Rewilding Culture - Feral Labs Node Book #1 | just fresh from the press

Our friends from the Feral Labs Network have just summarized and reflected on the last 2 years of co-organizing summer-camps, hack-labs, field trips and other modes of temporary labs for transdisciplinary research and collaborations in remote areas.

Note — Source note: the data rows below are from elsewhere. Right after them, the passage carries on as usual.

(* Let $k,c,\epsilon>0$ be constants and let $p=\frac{1+\epsilon}{d}$. Then with high probability every subset $X\subseteq V(Q^d)$ of size $|X|\ge c\, n d^{-k}$ satisfies $|\partial_{e,p}(X)|\le |X|\log d$.
   Context: $Q^d$ denotes the $d$-dimensional hypercube: vertex set $\{0,1\}^d$, two vertices adjacent iff they differ in exactly one coordinate; $n:=2^d$. $Q^d_p$ denotes the random subgraph of $Q^d$ on the same vertex set obtained by retaining each edge of $Q^d$ independently with probability $p$. For $X\subseteq V(Q^d)$, $\partial_{e,p}(X)$ is the set of edges of $Q^d_p$ with one endpoint in $X$ and the other in $V(Q^d)\setminus X$. "With high probability" means with probability tending to one as $d\to\infty$. *)

theory Defs
  imports "HOL-Probability.Probability"
begin

text \<open>Vertices of Q^d: subsets of {0..<d} (identified with 0/1 vectors of length d).
  Edges: unordered pairs {u,v} of vertices differing in exactly one coordinate.\<close>

definition cube_vertices :: "nat \<Rightarrow> nat set set" where
  "cube_vertices d = Pow {..<d}"

definition cube_edges :: "nat \<Rightarrow> nat set set set" where
  "cube_edges d = {{u, v} | u v. u \<in> cube_vertices d \<and> v \<in> cube_vertices d
                                 \<and> card (sym_diff u v) = 1}"

text \<open>Distribution of Q^d_p: each edge retained independently with probability p;
  a sample is the indicator function of retained edges (False outside the edge set).\<close>

definition random_cube :: "nat \<Rightarrow> real \<Rightarrow> (nat set set \<Rightarrow> bool) pmf" where
  "random_cube d p = Pi_pmf (cube_edges d) False (\<lambda>_. bernoulli_pmf p)"

definition edge_boundary :: "nat \<Rightarrow> (nat set set \<Rightarrow> bool) \<Rightarrow> nat set set \<Rightarrow> nat set set set" where
  "edge_boundary d G X = {e \<in> cube_edges d. G e \<and> (\<exists>u\<in>e. u \<in> X) \<and> (\<exists>v\<in>e. v \<notin> X)}"

end

theory Submission
  imports Defs "HOL-Real_Asymp.Real_Asymp"
begin

text \<open>Union bound over all large X. If more than |X| ln d edges of the boundary of X survive, then
  some fixed set of m = \<lceil>|X| ln d\<rceil> edges of the full boundary (of size at most |X| d) survives,
  which has probability at most C(|X| d, m) p^m \<le> (e(1+\<epsilon>)/ln d)^m \<le> q^|X| with q = (e(1+\<epsilon>)/ln d)^(ln d).
  There are at most C(2^d, s) \<le> (e d^k/c)^s sets of size s \<ge> c 2^d d^-k, so the failure probability
  is at most \<Sum>s (e d^k q/c)^s; this tends to 0 because (ln d)^(ln d) grows faster than any power of d.
  The argument works for every real k.\<close>

lemma power_le_exp_mult_fact:
  fixes x :: real
  assumes "0 \<le> x"
  shows "x ^ n \<le> exp x * fact n"
proof -
  have "summable (\<lambda>i. x ^ i /\<^sub>R fact i)" and exp_eq: "exp x = (\<Sum>i. x ^ i /\<^sub>R fact i)"
    using exp_converges[of x] by (auto simp: sums_iff)
  then have "(\<Sum>i\<in>{n}. x ^ i /\<^sub>R fact i) \<le> (\<Sum>i. x ^ i /\<^sub>R fact i)"
    by (intro sum_le_suminf) (use assms in auto)
  then show ?thesis
    unfolding exp_eq[symmetric] by (simp add: field_simps)
qed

https://www.ferallabs.net/publication/

Some Quotes from the introduction (by Uros Veber):

By design, Feral Labs are of transdisciplinary nature and discern no clash in focusing on production of cultural artefacts and philosophy, hacking and tinkering with technology, sensing environmental data, creatin educational content and addressing resilience by investigating environmental and technological challenges, all within the same event framework.

Feral Labs rely on and subscribe to the ethos of open and free software and hardware as harboured by the Free and Open Source movements.

Whole new worlds opened once the notion of hacking became less bound to computing; hacking moved beyond artificial life, beyond simulation, it reached further with the hybridisation of the electronic and the biological and then moved beyond that. Hack everything: hack money, hack food, hack bacterial colonies, hack you, hack life!

And thanks for the credits:

We also wish to acknowledge the wider network beyond our immediate group, the beacons, inspirations and friends, who build similar vessels and navigate similar waters as the Feral Labs Network: The Dinacons, organised by Andy Quitmeyer, Tanseem Khan and L. Wilkins, Homemade, organised by SGMK and Oki Wonder Lab by Hackteria, Lab Kill Lab and STWST 48H Linz curated by Shu Lea Cheang.